You can put in up to $18,500 in 2018 ($24,500 if you’re 50 or older), plus as much as 20% of your net self-employment income, up to a total of $55,000 (or $61,000 if you are 50 or older)—or the amount of freelance income for the year, whichever is less. Your contributions are tax-deductible, and they grow tax-deferred until you take withdrawals in retirement. Fidelity, Schwab and several other financial institutions offer low-cost solo 401(k)s.
Run your numbers at www.immediateannuities.com. The site can calculate the income you’d receive from a lump sum or what you’d have to invest to get the income you need.
You can get a breakdown of the fees you pay by using Ameritrade’s free 401(k) Fee Analyzer.
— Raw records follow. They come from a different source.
(* Fix $\sigma\in\mathbb{R}$ and $k,d\in\mathbb{Z}_{\ge0}$. Then $\mathrm{span}_{\mathbb{Q}}(L^o_{k,d}(\sigma))=\mathrm{span}_{\mathbb{Q}}(M^o_{k,d}(\sigma))$ and $\mathrm{span}_{\mathbb{Q}}(L^e_{k,d}(\sigma))=\mathrm{span}_{\mathbb{Q}}(M^e_{k,d}(\sigma))$.
   Context: $A(\theta)=\log|2\sin(\theta/2)|$, $\mathrm{Ls}_{\mathbf{k}}^{\mathbf{l}}(\sigma)=(-1)^n\int_0^{\sigma}\int_0^{\theta_n}\cdots\int_0^{\theta_2}\prod_{u=1}^n\theta_u^{l_u}A(\theta_u)^{k_u-1-l_u}\,d\theta_1\cdots d\theta_n$, $\mathrm{Ls}_\emptyset^\emptyset=1$. For $\mathbf{k}=(k_1,\dots,k_n)$, $\mathbf{l}=(l_1,\dots,l_n)$ put $s(\mathbf{k},\mathbf{l})=\sum_u(k_u-1-l_u)$ ($=0$ if $n=0$). $L^o_{k,d}(\sigma)$ (resp. $L^e_{k,d}(\sigma)$) is the set of real numbers $\mathrm{Ls}_{\mathbf{k}}^{\mathbf{l}}(\sigma)$ with $0\le n\le k$, $k_1+\dots+k_n=k$, $k_u\ge1$, $l_u\ge0$, $k_u-1-l_u\ge0$, $s(\mathbf{k},\mathbf{l})\le d$ and $s(\mathbf{k},\mathbf{l})$ odd (resp. even). $M^o_{k,d}(\sigma)$ (resp. $M^e_{k,d}(\sigma)$) is the set of real numbers $\sigma^m\mathrm{Ls}_{\mathbf{k}}^{\mathbf{l}}(\sigma)$ with $m\ge0$, $m+k_1+\dots+k_n=k$, $0\le n\le k$, $k_u\ge2$, $l_u\ge0$, $k_u-1-l_u\ge1$, $s(\mathbf{k},\mathbf{l})\le d$ and $s(\mathbf{k},\mathbf{l})$ odd (resp. even). *)

theory Defs
  imports "HOL-Analysis.Analysis"
begin

definition Afun :: "real \<Rightarrow> real" where
  "Afun \<theta> = ln \<bar>2 * sin (\<theta> / 2)\<bar>"

text \<open>Iterated integral, outermost integrand first:
  itint [g_n, ..., g_1] x = int_0^x g_n(t_n) int_0^{t_n} ... int_0^{t_2} g_1(t_1) dt_1 ... dt_n.
  Oriented integrals (LBINT over 0..x is negative of LBINT over x..0 when x < 0).\<close>
fun itint :: "(real \<Rightarrow> real) list \<Rightarrow> real \<Rightarrow> real" where
  "itint [] x = 1"
| "itint (g # gs) x = (LBINT t=ereal 0..ereal x. g t * itint gs t)"

definition lsint :: "nat \<Rightarrow> nat \<Rightarrow> real \<Rightarrow> real" where
  "lsint k l \<theta> = \<theta> ^ l * Afun \<theta> ^ (k - 1 - l)"

text \<open>Ls_ks^ls(sigma), ks = (k_1..k_n), ls = (l_1..l_n), theta_1 innermost.\<close>
definition Ls :: "nat list \<Rightarrow> nat list \<Rightarrow> real \<Rightarrow> real" where
  "Ls ks ls \<sigma> = (-1) ^ length ks * itint (rev (map2 lsint ks ls)) \<sigma>"

definition sdeg :: "nat list \<Rightarrow> nat list \<Rightarrow> nat" where
  "sdeg ks ls = (\<Sum>u<length ks. ks ! u - 1 - ls ! u)"

definition Lset :: "bool \<Rightarrow> nat \<Rightarrow> nat \<Rightarrow> real \<Rightarrow> real set" where
  "Lset oddp k d \<sigma> = {Ls ks ls \<sigma> | ks ls.
      length ls = length ks \<and> length ks \<le> k \<and> sum_list ks = k \<and>
      (\<forall>u<length ks. 1 \<le> ks ! u \<and> ls ! u + 1 \<le> ks ! u) \<and>
      sdeg ks ls \<le> d \<and> odd (sdeg ks ls) = oddp}"

definition Mset :: "bool \<Rightarrow> nat \<Rightarrow> nat \<Rightarrow> real \<Rightarrow> real set" where
  "Mset oddp k d \<sigma> = {\<sigma> ^ m * Ls ks ls \<sigma> | m ks ls.
      m + sum_list ks = k \<and> length ls = length ks \<and> length ks \<le> k \<and>
      (\<forall>u<length ks. 2 \<le> ks ! u \<and> ls ! u + 2 \<le> ks ! u) \<and>
      sdeg ks ls \<le> d \<and> odd (sdeg ks ls) = oddp}"

definition qspan :: "real set \<Rightarrow> real set" where
  "qspan S = {x. \<exists>F c. finite F \<and> F \<subseteq> S \<and> (\<forall>s\<in>F. c s \<in> \<rat>) \<and> x = (\<Sum>s\<in>F. c s * s)}"

end

theory Submission
  imports Defs
begin

(* A letter (a, j) stands for the integrand t^a A(t)^j, and a word for the iterated integral of its
   letters; Ls is such an integral up to sign, with weight k and A-degree s(k, l). Integration by
   parts against t^b gives

     x^(b+1)/(b+1) I(p w)(x) = I((b,0) p w)(x) + int_0^x letter_p(t) t^(b+1)/(b+1) I(w)(t) dt.

   Read from left to right and iterated along the word, this writes sigma^m I(w)(sigma) as a
   Q-combination of iterated integrals; read backwards it removes every letter (b, 0) without a
   factor A, at the cost of powers of sigma. Both directions preserve weight and A-degree, which
   gives the two inclusions. The analytic input is that A^j is locally integrable, because near
   its singularities 2 pi m it is dominated by 1 / sqrt |t - 2 pi m|. *)

section \<open>Local integrability of powers of \<open>A\<close>\<close>

lemma inverse_sqrt_dist_integrable:
  fixes a b c :: real
  shows "(\<lambda>t. inverse (sqrt \<bar>t - c\<bar>)) integrable_on {a..b}"
proof (cases "a \<le> b")
  case True
  have "((\<lambda>t. inverse (sqrt \<bar>t - c\<bar>)) has_integral 2 * sqrt (b - c) - 2 * sqrt (a - c)) {a..b}"
  proof (rule fundamental_theorem_of_calculus_interior_strong[where S = "{c}"])
    fix x assume "x \<in> {a<..<b} - {c}"
    then have "x - c \<noteq> 0" by simp
    then have "DERIV sqrt (x - c) :> inverse (sqrt \<bar>x - c\<bar>) / 2"
      by (rule DERIV_real_sqrt_generic)
         (auto simp: abs_real_def real_sqrt_minus[of "c - x", simplified])
    then have "((\<lambda>t. sqrt (t - c)) has_real_derivative inverse (sqrt \<bar>x - c\<bar>) / 2 * 1) (at x)"
      by (rule DERIV_chain2[where f = sqrt]) (auto intro!: derivative_eq_intros)
    from DERIV_cmult[OF this, of 2]
    have "((\<lambda>t. 2 * sqrt (t - c)) has_real_derivative inverse (sqrt \<bar>x - c\<bar>)) (at x)"
      by simp
    then show "((\<lambda>t. 2 * sqrt (t - c)) has_vector_derivative inverse (sqrt \<bar>x - c\<bar>)) (at x)"
      by (simp add: has_real_derivative_iff_has_vector_derivative)
  qed (use True in \<open>auto intro!: continuous_intros\<close>)
  then show ?thesis by blast
qed (simp add: integrable_on_empty)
You’ll need to type in your fund information or provide your 401(k) account login credentials to allow read-only access to your account.
It’s a good idea to reshop your coverage every few years, especially if you are adding teen drivers or have major life changes, such as retirement. Ask your insurer or agent for a list of discounts, and make sure you’re getting all the breaks you deserve. See if you can reduce your rate some more by bundling auto with home or renters insurance, signing up for a data-tracking program or taking a defensive-driving course. Raising your deductible to $500 or $1,000 will trim your premiums and deter you from filing small claims that could lead to a rate hike.
See whether the coverage in your policy has kept up with the cost of labor and materials so you’ll be able to rebuild your home and replace your possessions should disaster strike. The insurer should calculate the rebuilding cost based on the square footage of your home and the current, local per-square-foot cost to rebuild. Mention any home improvements that might boost the replacement cost. Ask about gaps in coverage you could fill—such as by adding an inexpensive sewage backup rider or getting special coverage for valuables.